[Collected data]
(* Let $n\ge 3$ and $f=x^n+a_{n-1}x^{n-1}+\cdots+a_0\in\mathbb{C}[x]$ with roots $r_1,\ldots,r_n$ (with multiplicity). Define the polynomials \[f_1(x,y)=\frac{f(y)-f(x)}{y-x},\qquad f_2(x,y)=\frac{f\left(\frac{x+y}{2}\right)-f(x)}{\frac{y-x}{2}}.\] Let $D_1=\prod_{1\le i<j\le n}(r_i-r_j)^2$ and $D_2=\prod_{1\le i,j,k\le n,\ i<j,\ j\ne k,\ k\ne i}(2r_k-r_i-r_j)$. Then $\operatorname{res}(f,\operatorname{res}(f_1,f_2,y),x)=0$ if and only if $D_1D_2=0$.
   Context: The quotients defining $f_1,f_2$ are polynomials in $x,y$. $\operatorname{res}(\cdot,\cdot,y)$ denotes the Sylvester resultant with respect to $y$ (and similarly for $x$). *)

theory Defs
  imports Complex_Main "HOL-Computational_Algebra.Polynomial" "Subresultants.Resultant_Prelim"
begin

text \<open>Bivariate polynomials in x,y are represented as complex poly poly:
  the outer variable is y, the coefficients are polynomials in x.\<close>

definition poly_in_y :: "complex poly \<Rightarrow> complex poly poly" where
  "poly_in_y f = map_poly (\<lambda>c. [:c:]) f"

definition poly_in_x :: "complex poly \<Rightarrow> complex poly poly" where
  "poly_in_x f = [:f:]"

definition f1 :: "complex poly \<Rightarrow> complex poly poly" where
  "f1 f = (poly_in_y f - poly_in_x f) div [: -[:0,1:], 1 :]"

definition f2 :: "complex poly \<Rightarrow> complex poly poly" where
  "f2 f = (pcompose (poly_in_y f) [: [:0, 1/2:], [:1/2:] :] - poly_in_x f)
            div [: -[:0, 1/2:], [:1/2:] :]"

definition D1 :: "nat \<Rightarrow> (nat \<Rightarrow> complex) \<Rightarrow> complex" where
  "D1 n r = (\<Prod>(i,j) \<in> {(i,j). i < j \<and> j < n}. (r i - r j)^2)"

definition D2 :: "nat \<Rightarrow> (nat \<Rightarrow> complex) \<Rightarrow> complex" where
  "D2 n r = (\<Prod>(i,j,k) \<in> {(i,j,k). i < j \<and> j < n \<and> k < n \<and> j \<noteq> k \<and> k \<noteq> i}.
               2 * r k - r i - r j)"

end

theory Submission
  imports Defs Subresultants.Subresultant_Gcd "HOL-Computational_Algebra.Field_as_Ring"
    "HOL-Computational_Algebra.Fundamental_Theorem_Algebra"
begin

text \<open>Over \<complex>, the resultant of f with any g vanishes iff g vanishes at some root r_k.
  The y-leading coefficients of f1 and f2 are nonzero constants, so evaluating x := r_k commutes
  with the resultant in y. At a root a = r_k of f we get f1(a,y) = f(y)/(y - a) and
  f2(a,y) = f((a+y)/2)/((y - a)/2), i.e. the products of y - r_i and (a+y)/2 - r_j over
  i, j \<noteq> k. They have a common root iff r_k + r_i = 2 r_j for some i, j \<noteq> k: either i = j,
  a repeated root (D1 = 0), or i \<noteq> j, a root that is the midpoint of two others (D2 = 0).\<close>

lemma resultant_eq_0_iff_common_root:
  fixes p q :: "complex poly"
  assumes "p \<noteq> 0"
  shows "resultant p q = 0 \<longleftrightarrow> (\<exists>x. poly p x = 0 \<and> poly q x = 0)"
proof
  assume "resultant p q = 0"
  then have "\<not> constant (poly (gcd p q))"
    by (simp add: resultant_0_gcd constant_degree)
  then obtain x where x: "poly (gcd p q) x = 0"
    using fundamental_theorem_of_algebra by blast
  show "\<exists>x. poly p x = 0 \<and> poly q x = 0"
    using x by (metis poly_eq_0_iff_dvd dvd_trans gcd_dvd1 gcd_dvd2)
next
  assume "\<exists>x. poly p x = 0 \<and> poly q x = 0"
  then obtain x where "[:-x,1:] dvd gcd p q"
    by (auto simp: poly_eq_0_iff_dvd)
  then have "degree [:-x,1:] \<le> degree (gcd p q)"
    using assms by (intro dvd_imp_degree_le) simp_all
  then show "resultant p q = 0" by (simp add: resultant_0_gcd)
qed

lemma degree_diff_const:
  fixes p :: "'a::idom poly"
  assumes "degree p > 0"
  shows "degree (p - [:c:]) = degree p"
proof -
  have "p - [:c:] = p + - [:c:]" by simp
  also have "degree \<dots> = degree p"
    by (rule degree_add_eq_left) (use assms in simp)
  finally show ?thesis .
qed

lemma degree_eq_of_mult_linear:
  fixes q :: "'a::idom poly"
  assumes "q * [:c,d:] = p" and "d \<noteq> 0" and "degree p = m" and "m > 0"
  shows "degree q = m - 1"
proof -
  have "q \<noteq> 0" using assms by auto
  then show ?thesis
    using assms degree_mult_eq[of q "[:c,d:]"] by auto
qed

lemma poly_poly_in_y: "poly (poly_in_y f) q = pcompose f q"
  unfolding poly_in_y_def by (simp add: pcompose_altdef)

lemma map_poly_eval_poly_in_y: "map_poly (\<lambda>p. poly p a) (poly_in_y f) = f"
  unfolding poly_in_y_def by (simp add: map_poly_map_poly o_def)

lemma map_poly_eval_poly_in_x: "map_poly (\<lambda>p. poly p a) (poly_in_x f) = [:poly f a:]"
  unfolding poly_in_x_def by (subst poly_hom.map_poly_pCons_hom) simp

lemma degree_poly_in_y: "degree (poly_in_y f) = degree f"
  unfolding poly_in_y_def by (rule degree_map_poly) simp

text \<open>Both numerators vanish on the diagonal y = x, i.e. at y := [:0,1:].\<close>

lemma f1_times_linear: "f1 f * [: -[:0,1:], 1:] = poly_in_y f - poly_in_x f"
proof -
  have "poly (poly_in_y f - poly_in_x f) [:0,1:] = 0"
    by (simp add: poly_poly_in_y poly_in_x_def pcompose_idR[simplified])
  then have "[: -[:0,1:], 1:] dvd poly_in_y f - poly_in_x f"
    using poly_eq_0_iff_dvd by blast
  then show ?thesis unfolding f1_def by (rule dvd_div_mult_self)
qed

lemma f2_times_linear:
  "f2 f * [: -[:0,1/2:], [:1/2:] :] =
     pcompose (poly_in_y f) [: [:0, 1/2:], [:1/2:] :] - poly_in_x f"
    (is "_ = ?N")
proof -
  have "poly [: [:0, 1/2:], [:1/2:] :] [:0,1::complex:] = [:0,1:]" by simp
  then have "poly ?N [:0,1:] = 0"
    by (simp add: poly_pcompose poly_poly_in_y poly_in_x_def pcompose_idR[simplified])
  then have "[: -[:0,1:], 1:] dvd ?N"
    using poly_eq_0_iff_dvd by blast
  moreover have "is_unit [:[:1/2::complex:]:]"
    by (simp add: is_unit_poly_iff)
  moreover have "[: -[:0,1/2:], [:1/2:] :] = [:[:1/2::complex:]:] * [: -[:0,1:], 1:]"
    by simp
  ultimately have "[: -[:0,1/2:], [:1/2:] :] dvd ?N"
    using mult_unit_dvd_iff' by metis
  then show ?thesis unfolding f2_def by (rule dvd_div_mult_self)
qed

lemma f1_eval_x:
  "map_poly (\<lambda>p. poly p a) (f1 f) * [:-a,1:] = f - [:poly f a:]"
proof -
  interpret ev: map_poly_comm_ring_hom "\<lambda>p::complex poly. poly p a" ..
  have "map_poly (\<lambda>p. poly p a) (f1 f) * map_poly (\<lambda>p. poly p a) [: -[:0,1:], 1:] =
      f - [:poly f a:]"
    by (simp only: f1_times_linear ev.hom_mult[symmetric] ev.hom_minus
        map_poly_eval_poly_in_y map_poly_eval_poly_in_x)
  moreover have "map_poly (\<lambda>p. poly p a) [: -[:0,1:], 1:] = [:-a,1:]" by simp
  ultimately show ?thesis by simp
qed

lemma f2_eval_x:
  "map_poly (\<lambda>p. poly p a) (f2 f) * [:-a/2,1/2:] = pcompose f [:a/2,1/2:] - [:poly f a:]"
proof -
  interpret ev: map_poly_comm_ring_hom "\<lambda>p::complex poly. poly p a" ..
  have "map_poly (\<lambda>p. poly p a) (f2 f) * map_poly (\<lambda>p. poly p a) [: -[:0,1/2:], [:1/2:] :] =
      pcompose f (map_poly (\<lambda>p. poly p a) [: [:0, 1/2:], [:1/2:] :]) - [:poly f a:]"
    by (simp only: f2_times_linear ev.hom_mult[symmetric] ev.hom_minus
        poly_hom.map_poly_pcompose map_poly_eval_poly_in_y map_poly_eval_poly_in_x)
  moreover have "map_poly (\<lambda>p. poly p a) [: -[:0,1/2:], [:1/2:] :] = [:-a/2,1/2:]"
    and "map_poly (\<lambda>p. poly p a) [: [:0,1/2:], [:1/2:] :] = [:a/2,1/2:]"
    by simp_all
  ultimately show ?thesis by simp
qed

lemma degree_f1: "degree f > 0 \<Longrightarrow> degree (f1 f) = degree f - 1"
  by (rule degree_eq_of_mult_linear[OF f1_times_linear])
    (simp_all add: poly_in_x_def degree_diff_const degree_poly_in_y)

lemma degree_f2: "degree f > 0 \<Longrightarrow> degree (f2 f) = degree f - 1"
  by (rule degree_eq_of_mult_linear[OF f2_times_linear])
    (simp_all add: poly_in_x_def degree_diff_const degree_pcompose degree_poly_in_y)

lemma degree_f1_eval_x:
  "degree f > 0 \<Longrightarrow> degree (map_poly (\<lambda>p. poly p a) (f1 f)) = degree f - 1"
  by (rule degree_eq_of_mult_linear[OF f1_eval_x]) (simp_all add: degree_diff_const)

lemma degree_f2_eval_x:
  "degree f > 0 \<Longrightarrow> degree (map_poly (\<lambda>p. poly p a) (f2 f)) = degree f - 1"
  by (rule degree_eq_of_mult_linear[OF f2_eval_x])
    (simp_all add: degree_diff_const degree_pcompose)

lemma poly_resultant_f1_f2:
  assumes "degree f > 0"
  shows "poly (resultant (f1 f) (f2 f)) a =
    resultant (map_poly (\<lambda>p. poly p a) (f1 f)) (map_poly (\<lambda>p. poly p a) (f2 f))"
  by (rule poly_hom.resultant_map_poly[symmetric])
    (simp_all add: assms degree_f1 degree_f2 degree_f1_eval_x degree_f2_eval_x)

context
  fixes n k :: nat and r :: "nat \<Rightarrow> complex" and f :: "complex poly"
  assumes f_def: "f = (\<Prod>i<n. [:- r i, 1:])" and k: "k < n"
begin

lemma poly_f_root: "poly f (r k) = 0"
  using k by (auto simp: f_def poly_prod prod_zero_iff)

lemma f1_eval_root:
  "map_poly (\<lambda>p. poly p (r k)) (f1 f) = (\<Prod>i\<in>{..<n} - {k}. [:- r i, 1:])"
proof (rule mult_right_cancel[of "[:- r k, 1:]", THEN iffD1])
  have "map_poly (\<lambda>p. poly p (r k)) (f1 f) * [:- r k, 1:] = f"
    using f1_eval_x[of "r k" f] by (simp only: poly_f_root pCons_0_0 diff_zero)
  also have "\<dots> = (\<Prod>i\<in>{..<n} - {k}. [:- r i, 1:]) * [:- r k, 1:]"
    using k by (simp only: f_def prod.remove[of "{..<n}" k] finite_lessThan lessThan_iff
        mult.commute)
  finally show "map_poly (\<lambda>p. poly p (r k)) (f1 f) * [:- r k, 1:] =
      (\<Prod>i\<in>{..<n} - {k}. [:- r i, 1:]) * [:- r k, 1:]" .
qed simp

lemma f2_eval_root:
  "map_poly (\<lambda>p. poly p (r k)) (f2 f) = (\<Prod>i\<in>{..<n} - {k}. [:r k/2 - r i, 1/2:])"
proof -
  have "pcompose [:- r i, 1:] [:r k/2, 1/2:] = [:r k/2 - r i, 1/2:]" for i
    by (simp add: pcompose_pCons)
  then have "pcompose f [:r k/2, 1/2:] = (\<Prod>i<n. [:r k/2 - r i, 1/2:])"
    by (simp add: f_def pcompose_prod)
  also have "\<dots> = (\<Prod>i\<in>{..<n} - {k}. [:r k/2 - r i, 1/2:]) * [:-r k/2, 1/2:]"
    using k by (simp add: prod.remove mult.commute)
  finally have "map_poly (\<lambda>p. poly p (r k)) (f2 f) * [:-r k/2, 1/2:] =
      (\<Prod>i\<in>{..<n} - {k}. [:r k/2 - r i, 1/2:]) * [:-r k/2, 1/2:]"
    using f2_eval_x[of "r k" f] by (simp only: poly_f_root pCons_0_0 diff_zero)
  moreover have "[:-r k/2, 1/2:] \<noteq> 0" by simp
  ultimately show ?thesis using mult_right_cancel by blast
qed

lemma resultant_f1_f2_eval_root_eq_0_iff:
  "resultant (map_poly (\<lambda>p. poly p (r k)) (f1 f)) (map_poly (\<lambda>p. poly p (r k)) (f2 f)) = 0
    \<longleftrightarrow> (\<exists>i<n. \<exists>j<n. i \<noteq> k \<and> j \<noteq> k \<and> r k + r i = 2 * r j)"
proof -
  have "(\<Prod>i\<in>{..<n} - {k}. [:- r i, 1:]) \<noteq> 0"
    by (simp add: prod_zero_iff)
  then have "resultant (map_poly (\<lambda>p. poly p (r k)) (f1 f)) (map_poly (\<lambda>p. poly p (r k)) (f2 f))
      = 0 \<longleftrightarrow> (\<exists>y. (\<exists>i\<in>{..<n} - {k}. y = r i) \<and> (\<exists>j\<in>{..<n} - {k}. r k/2 - r j + y/2 = 0))"
    by (simp add: f1_eval_root f2_eval_root resultant_eq_0_iff_common_root poly_prod
        prod_zero_iff)
  also have "\<dots> \<longleftrightarrow> (\<exists>i<n. \<exists>j<n. i \<noteq> k \<and> j \<noteq> k \<and> r k + r i = 2 * r j)"
    by (auto simp: field_simps)
  finally show ?thesis .
qed

end

lemma D1_eq_0_iff: "D1 n r = 0 \<longleftrightarrow> (\<exists>i j. i < j \<and> j < n \<and> r i = r j)"
proof -
  have "finite {(i,j). i < j \<and> j < n}"
    by (rule finite_subset[of _ "{..<n} \<times> {..<n}"]) auto
  then show ?thesis by (auto simp: D1_def prod_zero_iff)
qed

lemma D2_eq_0_iff:
  "D2 n r = 0 \<longleftrightarrow>
    (\<exists>i j k. i < j \<and> j < n \<and> k < n \<and> j \<noteq> k \<and> k \<noteq> i \<and> r i + r j = 2 * r k)"
proof -
  have "finite {(i,j,k). i < j \<and> j < n \<and> k < n \<and> j \<noteq> k \<and> k \<noteq> i}"
    by (rule finite_subset[of _ "{..<n} \<times> {..<n} \<times> {..<n}"]) auto
  moreover have "2 * r k - r i - r j = 0 \<longleftrightarrow> r i + r j = 2 * r k" for i j k
    by (auto simp: algebra_simps)
  ultimately show ?thesis by (auto simp: D2_def prod_zero_iff)
qed

lemma D1_mult_D2_eq_0_iff:
  "D1 n r * D2 n r = 0 \<longleftrightarrow> (\<exists>k<n. \<exists>i<n. \<exists>j<n. i \<noteq> k \<and> j \<noteq> k \<and> r k + r i = 2 * r j)"
proof
  assume "D1 n r * D2 n r = 0"
  then consider i j where "i < j" "j < n" "r i = r j"
    | i j k where "i < j" "j < n" "k < n" "j \<noteq> k" "k \<noteq> i" "r i + r j = 2 * r k"
    unfolding mult_eq_0_iff D1_eq_0_iff D2_eq_0_iff by blast
  then show "\<exists>k<n. \<exists>i<n. \<exists>j<n. i \<noteq> k \<and> j \<noteq> k \<and> r k + r i = 2 * r j"
  proof cases
    case (1 i j)
    then show ?thesis by (intro exI[of _ j] conjI exI[of _ i]) auto
  next
    case (2 i j k)
    then show ?thesis by (intro exI[of _ i] conjI exI[of _ j] exI[of _ k]) auto
  qed
next
  assume "\<exists>k<n. \<exists>i<n. \<exists>j<n. i \<noteq> k \<and> j \<noteq> k \<and> r k + r i = 2 * r j"
  then obtain k i j where kij: "k < n" "i < n" "j < n" "i \<noteq> k" "j \<noteq> k" "r k + r i = 2 * r j"
    by blast
  show "D1 n r * D2 n r = 0"
  proof (cases "i = j")
    case True
    then have "r k = r j" using kij(6) by simp
    then have "D1 n r = 0"
      unfolding D1_eq_0_iff using kij by (metis linorder_neqE_nat)
    then show ?thesis by simp
  next
    case False
    then have "D2 n r = 0"
      unfolding D2_eq_0_iff using kij by (metis add.commute linorder_neqE_nat)
    then show ?thesis by simp
  qed
qed

theorem proposition4:
  fixes n :: nat and f :: "complex poly" and r :: "nat \<Rightarrow> complex"
  assumes "n \<ge> 3"
    and "f = (\<Prod>i<n. [:- r i, 1:])"
  shows "resultant f (resultant (f1 f) (f2 f)) = 0 \<longleftrightarrow> D1 n r * D2 n r = 0"
proof -
  have "f \<noteq> 0" using assms(2) by (simp add: prod_zero_iff)
  have "degree f = n"
    using assms(2) by (simp add: degree_prod_eq_sum_degree)
  then have "degree f > 0" using assms(1) by simp
  have roots: "poly f x = 0 \<longleftrightarrow> (\<exists>k<n. x = r k)" for x
    using assms(2) by (auto simp: poly_prod prod_zero_iff)
  have "resultant f (resultant (f1 f) (f2 f)) = 0 \<longleftrightarrow>
      (\<exists>k<n. poly (resultant (f1 f) (f2 f)) (r k) = 0)"
    unfolding resultant_eq_0_iff_common_root[OF \<open>f \<noteq> 0\<close>] roots by blast
  also have "\<dots> \<longleftrightarrow> (\<exists>k<n. \<exists>i<n. \<exists>j<n. i \<noteq> k \<and> j \<noteq> k \<and> r k + r i = 2 * r j)"
  proof -
    have "poly (resultant (f1 f) (f2 f)) (r k) = 0 \<longleftrightarrow>
        (\<exists>i<n. \<exists>j<n. i \<noteq> k \<and> j \<noteq> k \<and> r k + r i = 2 * r j)" if "k < n" for k
      using resultant_f1_f2_eval_root_eq_0_iff[OF assms(2) that]
      by (simp only: poly_resultant_f1_f2[OF \<open>degree f > 0\<close>])
    then show ?thesis by auto
  qed
  also have "\<dots> \<longleftrightarrow> D1 n r * D2 n r = 0"
    by (rule D1_mult_D2_eq_0_iff[symmetric])
  finally show ?thesis .
qed

end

How to complete this task
Lines from the records above that hold "imports" are the ones to list.

Response to the task
  imports Complex_Main "HOL-Computational_Algebra.Polynomial" "Subresultants.Resultant_Prelim"
  imports Defs Subresultants.Subresultant_Gcd "HOL-Computational_Algebra.Field_as_Ring"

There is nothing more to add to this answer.